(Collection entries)
lemma nn_integral_std_normal_exp_tilt:
  fixes Z :: "'a \<Rightarrow> real^'d" and a :: "real^'d"
  assumes "prob_space M"
    and D: "distributed M lborel Z (\<lambda>x. ennreal (\<Prod>i\<in>UNIV. std_normal_density (x $ i)))"
  shows "(\<integral>\<^sup>+\<omega>. ennreal (exp (a \<bullet> Z \<omega> - a \<bullet> a / 2)) \<partial>M) = 1"
proof -
  define g where "g x = (\<Prod>i\<in>UNIV. std_normal_density (x $ i))" for x :: "real^'d"
  have [measurable]: "g \<in> borel_measurable borel" unfolding g_def by measurable
  have g_nonneg: "0 \<le> g x" for x unfolding g_def by (simp add: prod_nonneg)
  have "(\<integral>\<^sup>+\<omega>. ennreal (exp (a \<bullet> Z \<omega> - a \<bullet> a / 2)) \<partial>M)
      = (\<integral>\<^sup>+x. ennreal (g x) * ennreal (exp (a \<bullet> x - a \<bullet> a / 2)) \<partial>lborel)"
    using distributed_nn_integral[OF D, of "\<lambda>x. ennreal (exp (a \<bullet> x - a \<bullet> a / 2))"]
    by (simp add: g_def)
  also have "\<dots> = (\<integral>\<^sup>+x. ennreal (g (x - a)) \<partial>lborel)"
    using std_normal_density_vec_shift[of _ a] g_nonneg by (simp add: g_def ennreal_mult[symmetric])
  also have "\<dots> = (\<integral>\<^sup>+x. ennreal (g x) \<partial>distr lborel borel ((+) (-a)))"
    by (simp add: nn_integral_distr)
  also have "\<dots> = (\<integral>\<^sup>+x. ennreal (g x) * 1 \<partial>lborel)"
    by (simp add: lborel_distr_plus)
  also have "\<dots> = (\<integral>\<^sup>+\<omega>. 1 \<partial>M)"
    using distributed_nn_integral[OF D, of "\<lambda>x. 1"] by (simp add: g_def)
  also have "\<dots> = 1" using assms(1) by (simp add: prob_space.emeasure_space_1)
  finally show ?thesis .
qed

locale discrete_random_variable = prob_space M for M :: "'a measure" +
  fixes W :: "'a \<Rightarrow> 'w"
  assumes measurable_W [measurable]: "W \<in> measurable M (count_space UNIV)"
    and countable_values: "countable (W ` space M)"
begin

definition p :: "'w \<Rightarrow> real" where
  "p w = prob {\<omega>\<in>space M. W \<omega> = w}"

lemma p_nonneg [simp]: "0 \<le> p w"
  by (simp add: p_def)

lemma ln_inverse_p_nonneg: "0 \<le> ln (1 / p w)"
proof (cases "p w = 0")
  case False
  then have "0 < p w" "p w \<le> 1" by (auto simp: p_def less_le)
  then show ?thesis by (simp add: ln_div)
qed simp

lemma borel_measurable_comp_W [measurable]: "(\<lambda>\<omega>. f (W \<omega>)) \<in> borel_measurable M"
  by (rule measurable_compose[OF measurable_W]) simp

lemma nn_integral_split_by_value:
  fixes f :: "'w \<Rightarrow> 'a \<Rightarrow> ennreal"
  assumes [measurable]: "\<And>w. f w \<in> borel_measurable M"
  shows "(\<integral>\<^sup>+\<omega>. f (W \<omega>) \<omega> \<partial>M)
       = (\<integral>\<^sup>+w. (\<integral>\<^sup>+\<omega>. f w \<omega> * indicator {\<omega>\<in>space M. W \<omega> = w} \<omega> \<partial>M) \<partial>count_space UNIV)"
proof -
  let ?S = "W ` space M"
  have "(\<integral>\<^sup>+\<omega>. f (W \<omega>) \<omega> \<partial>M)
      = (\<integral>\<^sup>+\<omega>. (\<integral>\<^sup>+w. f w \<omega> * indicator {\<omega>\<in>space M. W \<omega> = w} \<omega> \<partial>count_space ?S) \<partial>M)"
  proof (rule nn_integral_cong)
    fix \<omega> assume \<omega>: "\<omega> \<in> space M"
    have "(\<integral>\<^sup>+w. f w \<omega> * indicator {\<omega>\<in>space M. W \<omega> = w} \<omega> \<partial>count_space ?S)
        = (\<integral>\<^sup>+w. f w \<omega> * indicator {W \<omega>} w \<partial>count_space ?S)"
      using \<omega> by (intro nn_integral_cong) (auto simp: indicator_def)
    then show "f (W \<omega>) \<omega> = (\<integral>\<^sup>+w. f w \<omega> * indicator {\<omega>\<in>space M. W \<omega> = w} \<omega> \<partial>count_space ?S)"
      using \<omega> by simp
  qed
  also have "\<dots> = (\<integral>\<^sup>+w. (\<integral>\<^sup>+\<omega>. f w \<omega> * indicator {\<omega>\<in>space M. W \<omega> = w} \<omega> \<partial>M) \<partial>count_space ?S)"
    by (rule nn_integral_count_space_nn_integral[OF countable_values]) measurable
  also have "\<dots> = (\<integral>\<^sup>+w. (\<integral>\<^sup>+\<omega>. f w \<omega> * indicator {\<omega>\<in>space M. W \<omega> = w} \<omega> \<partial>M) \<partial>count_space UNIV)"
  proof -
    have "(\<integral>\<^sup>+\<omega>. f w \<omega> * indicator {\<omega>\<in>space M. W \<omega> = w} \<omega> \<partial>M) = (\<integral>\<^sup>+\<omega>. 0 \<partial>M)"
      if "w \<notin> ?S" for w
      using that by (intro nn_integral_cong) (auto simp: indicator_def)
    then show ?thesis
      by (subst nn_integral_count_space_indicator) (auto intro!: nn_integral_cong simp: indicator_def)
  qed
  finally show ?thesis .
qed

lemma nn_integral_comp_W:
  "(\<integral>\<^sup>+\<omega>. g (W \<omega>) \<partial>M) = (\<integral>\<^sup>+w. ennreal (p w) * g w \<partial>count_space UNIV)"
  using nn_integral_split_by_value[of "\<lambda>w _. g w"]
  by (simp add: nn_integral_cmult_indicator p_def emeasure_eq_measure mult.commute)

lemma nn_integral_p: "(\<integral>\<^sup>+w. ennreal (p w) \<partial>count_space UNIV) = 1"
  using nn_integral_comp_W[of "\<lambda>_. 1"] by (simp add: emeasure_space_1)

lemma discrete_entropy_eq_nn_integral:
  "discrete_entropy M W = (\<integral>\<^sup>+\<omega>. ennreal (ln (1 / p (W \<omega>))) \<partial>M)"
  unfolding nn_integral_comp_W[of "\<lambda>w. ennreal (ln (1 / p w))"] discrete_entropy_def p_def[symmetric]
  by (intro nn_integral_cong) (simp add: ennreal_mult ln_inverse_p_nonneg)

- _PROBLEM TO SOLVE_
Repeat all of the data exactly. Include every line.

- _YOUR RESPONSE_
lemma nn_integral_std_normal_exp_tilt:
  fixes Z :: "'a \<Rightarrow> real^'d" and a :: "real^'d"
  assumes "prob_space M"
    and D: "distributed M lborel Z (\<lambda>x. ennreal (\<Prod>i\<in>UNIV. std_normal_density (x $ i)))"
  shows "(\<integral>\<^sup>+\<omega>. ennreal (exp (a \<bullet> Z \<omega> - a \<bullet> a / 2)) \<partial>M) = 1"
proof -
  define g where "g x = (\<Prod>i\<in>UNIV. std_normal_density (x $ i))" for x :: "real^'d"
  have [measurable]: "g \<in> borel_measurable borel" unfolding g_def by measurable
  have g_nonneg: "0 \<le> g x" for x unfolding g_def by (simp add: prod_nonneg)
  have "(\<integral>\<^sup>+\<omega>. ennreal (exp (a \<bullet> Z \<omega> - a \<bullet> a / 2)) \<partial>M)
      = (\<integral>\<^sup>+x. ennreal (g x) * ennreal (exp (a \<bullet> x - a \<bullet> a / 2)) \<partial>lborel)"
    using distributed_nn_integral[OF D, of "\<lambda>x. ennreal (exp (a \<bullet> x - a \<bullet> a / 2))"]
    by (simp add: g_def)
  also have "\<dots> = (\<integral>\<^sup>+x. ennreal (g (x - a)) \<partial>lborel)"
    using std_normal_density_vec_shift[of _ a] g_nonneg by (simp add: g_def ennreal_mult[symmetric])
  also have "\<dots> = (\<integral>\<^sup>+x. ennreal (g x) \<partial>distr lborel borel ((+) (-a)))"
    by (simp add: nn_integral_distr)
  also have "\<dots> = (\<integral>\<^sup>+x. ennreal (g x) * 1 \<partial>lborel)"
    by (simp add: lborel_distr_plus)
  also have "\<dots> = (\<integral>\<^sup>+\<omega>. 1 \<partial>M)"
    using distributed_nn_integral[OF D, of "\<lambda>x. 1"] by (simp add: g_def)
  also have "\<dots> = 1" using assms(1) by (simp add: prob_space.emeasure_space_1)
  finally show ?thesis .
qed

locale discrete_random_variable = prob_space M for M :: "'a measure" +
  fixes W :: "'a \<Rightarrow> 'w"
  assumes measurable_W [measurable]: "W \<in> measurable M (count_space UNIV)"
    and countable_values: "countable (W ` space M)"
begin

definition p :: "'w \<Rightarrow> real" where
  "p w = prob {\<omega>\<in>space M. W \<omega> = w}"

lemma p_nonneg [simp]: "0 \<le> p w"
  by (simp add: p_def)

lemma ln_inverse_p_nonneg: "0 \<le> ln (1 / p w)"
proof (cases "p w = 0")
  case False
  then have "0 < p w" "p w \<le> 1" by (auto simp: p_def less_le)
  then show ?thesis by (simp add: ln_div)
qed simp

lemma borel_measurable_comp_W [measurable]: "(\<lambda>\<omega>. f (W \<omega>)) \<in> borel_measurable M"
  by (rule measurable_compose[OF measurable_W]) simp

lemma nn_integral_split_by_value:
  fixes f :: "'w \<Rightarrow> 'a \<Rightarrow> ennreal"
  assumes [measurable]: "\<And>w. f w \<in> borel_measurable M"
  shows "(\<integral>\<^sup>+\<omega>. f (W \<omega>) \<omega> \<partial>M)
       = (\<integral>\<^sup>+w. (\<integral>\<^sup>+\<omega>. f w \<omega> * indicator {\<omega>\<in>space M. W \<omega> = w} \<omega> \<partial>M) \<partial>count_space UNIV)"
proof -
  let ?S = "W ` space M"
  have "(\<integral>\<^sup>+\<omega>. f (W \<omega>) \<omega> \<partial>M)
      = (\<integral>\<^sup>+\<omega>. (\<integral>\<^sup>+w. f w \<omega> * indicator {\<omega>\<in>space M. W \<omega> = w} \<omega> \<partial>count_space ?S) \<partial>M)"
  proof (rule nn_integral_cong)
    fix \<omega> assume \<omega>: "\<omega> \<in> space M"
    have "(\<integral>\<^sup>+w. f w \<omega> * indicator {\<omega>\<in>space M. W \<omega> = w} \<omega> \<partial>count_space ?S)
        = (\<integral>\<^sup>+w. f w \<omega> * indicator {W \<omega>} w \<partial>count_space ?S)"
      using \<omega> by (intro nn_integral_cong) (auto simp: indicator_def)
    then show "f (W \<omega>) \<omega> = (\<integral>\<^sup>+w. f w \<omega> * indicator {\<omega>\<in>space M. W \<omega> = w} \<omega> \<partial>count_space ?S)"
      using \<omega> by simp
  qed
  also have "\<dots> = (\<integral>\<^sup>+w. (\<integral>\<^sup>+\<omega>. f w \<omega> * indicator {\<omega>\<in>space M. W \<omega> = w} \<omega> \<partial>M) \<partial>count_space ?S)"
    by (rule nn_integral_count_space_nn_integral[OF countable_values]) measurable
  also have "\<dots> = (\<integral>\<^sup>+w. (\<integral>\<^sup>+\<omega>. f w \<omega> * indicator {\<omega>\<in>space M. W \<omega> = w} \<omega> \<partial>M) \<partial>count_space UNIV)"
  proof -
    have "(\<integral>\<^sup>+\<omega>. f w \<omega> * indicator {\<omega>\<in>space M. W \<omega> = w} \<omega> \<partial>M) = (\<integral>\<^sup>+\<omega>. 0 \<partial>M)"
      if "w \<notin> ?S" for w
      using that by (intro nn_integral_cong) (auto simp: indicator_def)
    then show ?thesis
      by (subst nn_integral_count_space_indicator) (auto intro!: nn_integral_cong simp: indicator_def)
  qed
  finally show ?thesis .
qed

lemma nn_integral_comp_W:
  "(\<integral>\<^sup>+\<omega>. g (W \<omega>) \<partial>M) = (\<integral>\<^sup>+w. ennreal (p w) * g w \<partial>count_space UNIV)"
  using nn_integral_split_by_value[of "\<lambda>w _. g w"]
  by (simp add: nn_integral_cmult_indicator p_def emeasure_eq_measure mult.commute)

lemma nn_integral_p: "(\<integral>\<^sup>+w. ennreal (p w) \<partial>count_space UNIV) = 1"
  using nn_integral_comp_W[of "\<lambda>_. 1"] by (simp add: emeasure_space_1)

lemma discrete_entropy_eq_nn_integral:
  "discrete_entropy M W = (\<integral>\<^sup>+\<omega>. ennreal (ln (1 / p (W \<omega>))) \<partial>M)"
  unfolding nn_integral_comp_W[of "\<lambda>w. ennreal (ln (1 / p w))"] discrete_entropy_def p_def[symmetric]
  by (intro nn_integral_cong) (simp add: ennreal_mult ln_inverse_p_nonneg)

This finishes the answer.